We'd saved everyone.
But the cost—
"My lord." A guard approached hesitantly. "What do we do about the Winter Feast? The ritual was never completed. The brides—"
"Are free," Sebastian said, his voice carrying through the throne room with ancient authority. "The curse is broken. The ritual is ended. The Winter Feast is abolished."
Gasps rippled through the survivors.
"By what right?" an elderly noble demanded. "You can't just—"
"By the right of the one who's ruled this realm for eight hundred years," Sebastian said coldly. "Anyone who disagrees can challenge me. Now."
Nobody moved.
"Good." He turned to me. "Aria, you and the other brides will be returned to the human world with compensation for—"
"No," I interrupted.
Everyone stared at me.
"I'm not going home," I said firmly, getting to my feet despite my shaking legs. "The bond is broken, but there are still injured people. Still damage from Nyx's attack. I'm a healer. Let me help."
Sebastian's expression was unreadable. "You want to stay?"
"I want to finish what we started." I met his gaze, even though it hurt to look at him without feeling his emotions beneath. "Changing this realm. Making it better. That's worth staying for."
For a heartbeat, hope flickered in his eyes.
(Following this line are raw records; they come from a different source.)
(* Let $I=[0,1]$ with Lebesgue measure $\lambda$, let $r>0$ be a constant, and let all agents share a common right-continuous filtration $\mathbb G^i=\mathbb G$. Let $X$ be a right-continuous, increasing, $\mathbb G$-progressively measurable real process with $X_\infty>1$. Suppose agent $i$ has intensity $\gamma^i_t=(r-i+\rho_t)\vee0$. Then $\rho_t=(X_t\wedge1)\vee0$ together with $\tau^i=\inf\{t:\ X_t\ge i\}$ is an equilibrium: each $\tau^i$ is optimal for agent $i$ and $\lambda\{i:\ \tau^i\le t\}=\rho_t$ for all $t\ge0$.
   Context: Let $(\Omega,\mathcal F,P)$ be a probability space with right-continuous filtration $\mathbb G$ and an exponential random variable $\mathcal E$ with mean $1$ independent of $\mathcal G_\infty$. $\mathcal T$ is the set of $\mathbb G$-stopping times. For agent $i$ with intensity $\gamma^i\ge0$, $\theta^{i}=\inf\{t:\int_0^t\gamma^i_s\,ds=\mathcal E\}$, and agent $i$'s problem is $\sup_{\tau\in\mathcal T}E[e^{r\tau}\mathbf 1_{\{\theta^i>\tau\}\cup\{\theta^i=\infty\}}]$. An equilibrium is a family $(\tau^i)_{i\in I}$ of stopping times with $\tau^i$ optimal for $\lambda$-a.e. $i$ (given $\gamma^i$ computed from $\rho$) and $\rho_t=\lambda\{i:\tau^i\le t\}$ for all $t$. *)

theory Defs
  imports "HOL-Probability.Probability"
begin

text \<open>Time runs over [0,\<infinity>). A filtration is a family G :: real \<Rightarrow> 'a measure of sub-sigma-algebras
  of the underlying probability space (only t \<ge> 0 is relevant). Stopping times take values
  in [0,\<infinity>], modelled as ennreal.\<close>

definition G_infty :: "'a measure \<Rightarrow> (real \<Rightarrow> 'a measure) \<Rightarrow> 'a measure" where
  "G_infty M G = sigma (space M) (\<Union>t\<in>{0..}. sets (G t))"

definition right_continuous_filtration :: "'a measure \<Rightarrow> (real \<Rightarrow> 'a measure) \<Rightarrow> bool" where
  "right_continuous_filtration M G \<longleftrightarrow>
     (\<forall>t. space (G t) = space M \<and> sets (G t) \<subseteq> sets M) \<and>
     (\<forall>s t. 0 \<le> s \<longrightarrow> s \<le> t \<longrightarrow> sets (G s) \<subseteq> sets (G t)) \<and>
     (\<forall>t\<ge>0. sets (G t) = (\<Inter>s\<in>{t<..}. sets (G s)))"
Then Kieran's hand landed on my shoulder.
"Aria," he said gently. "You should know something. The Sanguine essence—it didn't just sever your bond with Sebastian."
Dread pooled in my stomach. "What did it do?"
"It severed your connection to the Sanguine bloodline entirely." His face was filled with sympathy. "Your healing power. Your ability to sense life force. All of it." He paused. "It's gone."
The world tilted.
"What?" I breathed.
"I'm sorry," Kieran said. "It was the only way to break a bond that deep. The essence had to cut you off from the source of your power completely."
I looked at my hands. Tried to call up the golden light, the healing warmth I'd had my entire life.
Nothing.
I was just human now. Ordinary. Powerless.
And the man I loved was a stranger I could never touch again without risking everything we'd just fought to save.
"Aria—" Sebastian started.
The throne room doors burst open.
A messenger stumbled in, wild-eyed and terrified.
"My lords!" he gasped. "The human world—something's wrong. The portal Nyx opened—it didn't close all the way. Things are crossing over. Creatures. Shadows. And—" he looked at me with horror, "—they're hunting for the Sanguine healer who broke their master's plan. They're hunting for Aria Thornwell."